======== Data to use
lemma nn_integral_exp_sum_Max_chain_link_le:
  assumes "chaining_net A \<pi>" "finite T" "T \<noteq> {}" "T \<subseteq> {a..b}"
  shows "(\<integral>\<^sup>+\<omega>. ennreal (exp (lam * (\<Sum>j\<le>K. MAX s\<in>chain_level A T K j.
        \<bar>chain_link (\<lambda>s. X s \<omega>) \<pi> j s\<bar>))) \<partial>M)
    \<le> ennreal (2 * exp (\<Sum>j\<le>K. geom_weight \<theta> K j * ln (card (chain_level A T K j)))
        * exp (lam\<^sup>2 * m\<^sup>2 / (2 * (1 - \<theta>)\<^sup>2)))"
proof -
  define w where "w = geom_weight \<theta> K"
  have levels: "finite (chain_level A T K j)" "chain_level A T K j \<noteq> {}"
    "chain_level A T K j \<subseteq> {a..b}" for j
    using assms unfolding chaining_net_def chain_level_def by auto
  have "(\<integral>\<^sup>+\<omega>. ennreal (exp (lam * (\<Sum>j\<le>K. MAX s\<in>chain_level A T K j.
        \<bar>chain_link (\<lambda>s. X s \<omega>) \<pi> j s\<bar>))) \<partial>M)
      \<le> ennreal (2 * exp (\<Sum>j\<le>K. w j * ln (card (chain_level A T K j)))
        * exp (lam\<^sup>2 / 2 * (\<Sum>j\<le>K. (\<theta>^j * m)\<^sup>2 / w j)))"
  proof (rule nn_integral_exp_sum_Max_abs_le[OF prob])
    show "w j > 0" for j
      using \<theta>_pos \<theta>_less_1 by (simp add: w_def geom_weight_pos)
    show "(\<Sum>j\<le>K. w j) = 1"
      by (simp add: w_def sum_geom_weight)
    fix j s assume "s \<in> chain_level A T K j"
    with levels(3) assms(1) have "s \<in> {a..b}" "\<pi> j s \<in> {a..b}"
      unfolding chaining_net_def by blast+
    then show "centered_normal_rv M (\<lambda>\<omega>. chain_link (\<lambda>s. X s \<omega>) \<pi> j s)"
        "(\<integral>\<omega>. (chain_link (\<lambda>s. X s \<omega>) \<pi> j s)\<^sup>2 \<partial>M) \<le> (\<theta>^j * m)\<^sup>2"
      using centered_gaussian_process_point[OF gaussian] centered_gaussian_process_diff[OF gaussian]
        variance assms(1) unfolding chaining_net_def
      by (cases "j = 0"; simp add: chain_link_def)+
  qed (use levels in auto)
  also have "\<dots> \<le> ennreal (2 * exp (\<Sum>j\<le>K. w j * ln (card (chain_level A T K j)))
        * exp (lam\<^sup>2 * m\<^sup>2 / (2 * (1 - \<theta>)\<^sup>2)))"
  proof (intro ennreal_leI mult_left_mono)
    have "(\<Sum>j\<le>K. (\<theta>^j * m)\<^sup>2 / w j) \<le> m\<^sup>2 / (1 - \<theta>)\<^sup>2"
      unfolding w_def by (rule sum_geometric_variance_div_geom_weight_le[OF \<theta>_pos \<theta>_less_1])
    then have "lam\<^sup>2 / 2 * (\<Sum>j\<le>K. (\<theta>^j * m)\<^sup>2 / w j) \<le> lam\<^sup>2 / 2 * (m\<^sup>2 / (1 - \<theta>)\<^sup>2)"
      by (rule mult_left_mono) simp
    then show "exp (lam\<^sup>2 / 2 * (\<Sum>j\<le>K. (\<theta>^j * m)\<^sup>2 / w j)) \<le> exp (lam\<^sup>2 * m\<^sup>2 / (2 * (1 - \<theta>)\<^sup>2))"
      by simp
  qed simp
  finally show ?thesis
    by (simp add: w_def)
qed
================
▸ Exercise brief:
Look through the records above and please copy every line in which the string "card" occurs.

▸ Exercise answer:
    \<le> ennreal (2 * exp (\<Sum>j\<le>K. geom_weight \<theta> K j * ln (card (chain_level A T K j)))
      \<le> ennreal (2 * exp (\<Sum>j\<le>K. w j * ln (card (chain_level A T K j)))
  also have "\<dots> \<le> ennreal (2 * exp (\<Sum>j\<le>K. w j * ln (card (chain_level A T K j)))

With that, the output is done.